*** Given information Section Begins ***
text \<open>
  Every integer generated by \<open>Q \<union> {q}\<close> is \<open>\<nu> * q ^ k\<close> with \<open>\<nu>\<close> a Beurling integer of \<open>Q\<close>.
  Two of them with the same power of \<open>q\<close> are separated by the gap condition for \<open>Q\<close>; two with
  different powers differ by at least \<open>\<bar>\<nu> * q ^ m - \<mu>\<bar>\<close> with \<open>m \<ge> 1\<close>. It therefore suffices that
  \<open>q\<close> be Diophantine: \<open>\<bar>\<nu> * q ^ m - \<mu>\<bar> \<ge> \<delta> * \<mu> powr -D\<close> for all \<open>\<nu>, \<mu>, m\<close> and some \<open>\<delta> > 0\<close>.

  For fixed \<open>\<nu>, \<mu>, m\<close> the \<open>q \<in> {a..b}\<close> violating this form an interval of length
  \<open>O(\<delta> * \<mu> powr (-D - 1))\<close>, empty unless \<open>\<nu> * a ^ m \<le> 2 * \<mu>\<close>; so only \<open>O(ln \<mu>)\<close> exponents
  contribute, and only when \<open>\<nu> \<le> 2 * \<mu>\<close>. For \<open>s\<close> beyond the abscissa and \<open>D > 2 * s - 1\<close> the total
  length is \<open>O(\<delta> * \<zeta>(s)\<^sup>2)\<close>, hence almost every \<open>q\<close> is Diophantine for some \<open>\<delta>\<close>. Almost every
  \<open>q\<close> also avoids the countable sets \<open>Q\<close> and \<open>exp\<close> of the rational span of \<open>ln ` Q\<close>, which keeps
  \<open>Q \<union> {q}\<close> a system of Beurling primes.
\<close>

section \<open>Beurling integers\<close>

lemma beurling_integers_ge_1:
  assumes "\<forall>p\<in>Q. p > 1" and "x \<in> beurling_integers Q"
  shows "x \<ge> 1"
proof -
  from assms(2) obtain F e where x: "x = (\<Prod>p\<in>F. p ^ e p)" "F \<subseteq> Q"
    unfolding beurling_integers_def by blast
  show ?thesis unfolding x(1) using assms(1) x(2)
    by (intro prod_ge_1 one_le_power) (auto dest!: subsetD intro: less_imp_le)
qed

lemma beurling_integers_insertE:
  assumes "x \<in> beurling_integers (insert q Q)"
  obtains \<nu> k where "\<nu> \<in> beurling_integers Q" "x = \<nu> * q ^ k"
proof -
  from assms obtain F e where x: "x = (\<Prod>p\<in>F. p ^ e p)" "finite F" "F \<subseteq> insert q Q"
    unfolding beurling_integers_def by blast
  have "(\<Prod>p\<in>F-{q}. p ^ e p) \<in> beurling_integers Q"
    unfolding beurling_integers_def using x by blast
  moreover have "x = (\<Prod>p\<in>F-{q}. p ^ e p) * q ^ (if q \<in> F then e q else 0)"
    using x by (cases "q \<in> F") (simp_all add: prod.remove mult.commute)
  ultimately show ?thesis using that by blast
qed

lemma summable_on_powr_if_beurling_abscissa_less:
  assumes "\<forall>p\<in>Q. p > 1" "beurling_abscissa Q < ereal s"
  shows "(\<lambda>x. x powr (-s)) summable_on beurling_integers Q"
proof -
  obtain \<sigma> where "\<sigma> < s" and summable: "(\<lambda>x. x powr (-\<sigma>)) summable_on beurling_integers Q"
    using assms(2) unfolding beurling_abscissa_def Inf_less_iff by auto
  show ?thesis
  proof (rule summable_on_comparison_test[OF summable])
    fix x assume "x \<in> beurling_integers Q"
    then have "1 \<le> x" using beurling_integers_ge_1[OF assms(1)] by blast
    then show "x powr (-s) \<le> x powr (-\<sigma>)" using \<open>\<sigma> < s\<close> by (simp add: powr_mono)
  qed simp
qed

lemma finite_bounded_below_if_summable_on:
  fixes f :: "'a \<Rightarrow> real"
  assumes "f summable_on A" "\<And>x. x \<in> A \<Longrightarrow> f x \<ge> 0"
    and "B \<subseteq> A" "e > 0" "\<And>x. x \<in> B \<Longrightarrow> f x \<ge> e"
  shows "finite B"
proof (rule ccontr)
  assume "infinite B"
  obtain n :: nat where n: "infsum f A < real n * e"
    using assms(4) ex_less_of_nat_mult by blast
  obtain F where F: "finite F" "card F = n" "F \<subseteq> B"
    using infinite_arbitrarily_large[OF \<open>infinite B\<close>] by blast
  have "real n * e = (\<Sum>x\<in>F. e)" using F by simp
  also have "\<dots> \<le> sum f F" using F assms(5) by (intro sum_mono) auto
  also have "\<dots> \<le> infsum f A" using F assms by (intro finite_sum_le_infsum) auto
  finally show False using n by simp
qed

lemma finite_atMost_if_summable_powr:
  fixes A :: "real set"
  assumes "(\<lambda>x. x powr (-s)) summable_on A" "s > 0" "\<And>x. x \<in> A \<Longrightarrow> x \<ge> 1"
  shows "finite {x\<in>A. x \<le> X}"
proof (cases "X \<ge> 1")
  case True
  show ?thesis
  proof (rule finite_bounded_below_if_summable_on[OF assms(1), of _ "X powr (-s)"])
    fix x assume "x \<in> {x\<in>A. x \<le> X}"
    then show "X powr (-s) \<le> x powr (-s)" using assms(2) assms(3)[of x] by (intro powr_mono2') auto
  qed (use True in auto)
next
  case False
  then have "{x\<in>A. x \<le> X} = {}" using assms(3) by fastforce
  then show ?thesis by (simp only: finite.emptyI)
qed

lemma countable_if_finite_atMost:
  fixes A :: "real set"
  assumes "\<And>X. finite {x\<in>A. x \<le> X}"
  shows "countable A"
proof -
  have "A = (\<Union>n::nat. {x\<in>A. x \<le> real n})"
    by (auto intro: order_trans[OF _ real_nat_ceiling_ge])
  also have "countable \<dots>" using assms by (intro countable_UN) (auto intro: countable_finite)
  finally show ?thesis .
qed

lemma gap_condition_all_pairs:
  fixes N :: "real set"
  assumes gap: "gap_condition N c C" and fin: "\<And>X. finite {z\<in>N. z \<le> X}"
    and "x \<in> N" "y \<in> N" "x \<noteq> y"
  shows "c * max x y powr (-C) \<le> \<bar>y - x\<bar>"
proof -
  have *: "c * v powr (-C) \<le> v - u" if "u \<in> N" "v \<in> N" "u < v" for u v
  proof -
    \<comment> \<open>By local finiteness \<open>N\<close> has a largest element below \<open>v\<close>; it is consecutive to \<open>v\<close>.\<close>
    define S where "S = {z\<in>N. u \<le> z \<and> z < v}"
    have "finite S" unfolding S_def by (rule finite_subset[OF _ fin[of v]]) auto
    moreover have "u \<in> S" unfolding S_def using that by auto
    ultimately have z: "Max S \<in> S" "u \<le> Max S" by (blast intro: Max_in, simp)
    have "\<forall>w\<in>N. \<not> (Max S < w \<and> w < v)"
    proof (intro ballI notI)
      fix w assume "w \<in> N" "Max S < w \<and> w < v"
      then have "w \<in> S" using z unfolding S_def by auto
      then show False using Max_ge[OF \<open>finite S\<close>] \<open>Max S < w \<and> w < v\<close> by fastforce
    qed
    then have "c * v powr (-C) \<le> v - Max S"
      using gap z that unfolding gap_condition_def S_def by blast
    then show ?thesis using z by simp
  qed
  show ?thesis
    using *[of x y] *[of y x] assms by (cases "x < y") (auto simp: max_def)
qed

section \<open>Adjoining a prime with independent logarithm\<close>

definition rat_log_span :: "real set \<Rightarrow> real set" where
  "rat_log_span Q = {\<Sum>p\<in>F. real_of_rat (a p) * ln p | F a. finite F \<and> F \<subseteq> Q}"

lemma countable_rat_log_span:
  assumes "countable Q"
  shows "countable (rat_log_span Q)"
proof -
  define g where "g = (\<lambda>xs::(rat \<times> real) list. \<Sum>(r, p)\<leftarrow>xs. real_of_rat r * ln p)"
  have "rat_log_span Q \<subseteq> g ` lists (UNIV \<times> Q)"
  proof
    fix t assume "t \<in> rat_log_span Q"
    then obtain F a where Fa: "finite F" "F \<subseteq> Q" "t = (\<Sum>p\<in>F. real_of_rat (a p) * ln p)"
      unfolding rat_log_span_def by blast
    define xs where "xs = map (\<lambda>p. (a p, p)) (sorted_list_of_set F)"
    have "xs \<in> lists (UNIV \<times> Q)" unfolding xs_def using Fa by auto
    moreover have "g xs = t"
      unfolding g_def xs_def Fa(3) using Fa(1)
      by (simp add: o_def sum_list_distinct_conv_sum_set sum.distinct_set_conv_list[symmetric])
    ultimately show "t \<in> g ` lists (UNIV \<times> Q)" by blast
  qed
  moreover have "countable (g ` lists (UNIV \<times> Q))" using assms by auto
  ultimately show ?thesis by (rule countable_subset)
qed

lemma beurling_primes_insert:
  assumes bp: "beurling_primes Q" and q: "q > 1" "q \<notin> Q" "ln q \<notin> rat_log_span Q"
  shows "beurling_primes (insert q Q)"
  unfolding beurling_primes_def
proof (intro conjI allI impI)
  show "\<forall>p\<in>insert q Q. 1 < p" using bp q unfolding beurling_primes_def by auto
  fix x :: real
  have "{p \<in> insert q Q. p \<le> x} \<subseteq> insert q {p \<in> Q. p \<le> x}" by auto
  then show "finite {p \<in> insert q Q. p \<le> x}"
    using bp unfolding beurling_primes_def by (meson finite_insert finite_subset)
next
  fix F a assume Fa: "finite F \<and> F \<subseteq> insert q Q \<and> (\<Sum>p\<in>F. real_of_rat (a p) * ln p) = 0"
  have indep: "\<forall>p\<in>G. a p = 0"
    if "finite G" "G \<subseteq> Q" "(\<Sum>p\<in>G. real_of_rat (a p) * ln p) = 0" for G
    using bp that unfolding beurling_primes_def by blast
  define R where "R = (\<Sum>p\<in>F-{q}. real_of_rat (a p) * ln p)"
  have R_in: "R * real_of_rat r \<in> rat_log_span Q" for r
  proof -
    have "R * real_of_rat r = (\<Sum>p\<in>F-{q}. real_of_rat (a p * r) * ln p)"
      unfolding R_def by (simp add: sum_distrib_left sum_distrib_right of_rat_mult mult_ac)
    moreover have "finite (F-{q})" "F-{q} \<subseteq> Q" using Fa by auto
    ultimately show ?thesis unfolding rat_log_span_def
      by (intro CollectI exI[of _ "F-{q}"] exI[of _ "\<lambda>p. a p * r"]) simp
  qed
  have "a q = 0" if "q \<in> F"
  proof (rule ccontr)
    assume "a q \<noteq> 0"
    have "real_of_rat (a q) * ln q + R = 0"
      using Fa that sum.remove[of F q "\<lambda>p. real_of_rat (a p) * ln p"] unfolding R_def by simp
    then have "ln q = R * real_of_rat (- 1 / a q)"
      using \<open>a q \<noteq> 0\<close> by (simp add: of_rat_divide of_rat_minus field_simps)
    then show False using R_in q(3) by metis
  qed
  then have "R = 0"
    using Fa sum.remove[of F q "\<lambda>p. real_of_rat (a p) * ln p"] unfolding R_def
    by (cases "q \<in> F") simp_all
  then have "\<forall>p\<in>F-{q}. a p = 0" using Fa indep[of "F-{q}"] unfolding R_def by auto
  then show "\<forall>p\<in>F. a p = 0" using \<open>q \<in> F \<Longrightarrow> a q = 0\<close> by blast
qed

section \<open>Metric Diophantine approximation by powers\<close>

definition approx_set :: "real \<Rightarrow> real \<Rightarrow> real \<Rightarrow> real \<Rightarrow> real \<Rightarrow> nat \<Rightarrow> real set" where
  "approx_set a b \<eta> \<nu> \<mu> m = {q\<in>{a..b}. \<bar>\<nu> * q ^ m - \<mu>\<bar> < \<eta>}"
*** Given information Section Ends ***
▸ **Required action**: Wherever the word "only" occurs in the data above, copy the line it sits in.

▸ **Solved problem**:
  \<open>O(\<delta> * \<mu> powr (-D - 1))\<close>, empty unless \<open>\<nu> * a ^ m \<le> 2 * \<mu>\<close>; so only \<open>O(ln \<mu>)\<close> exponents
  contribute, and only when \<open>\<nu> \<le> 2 * \<mu>\<close>. For \<open>s\<close> beyond the abscissa and \<open>D > 2 * s - 1\<close> the total
  then show ?thesis by (simp only: finite.emptyI)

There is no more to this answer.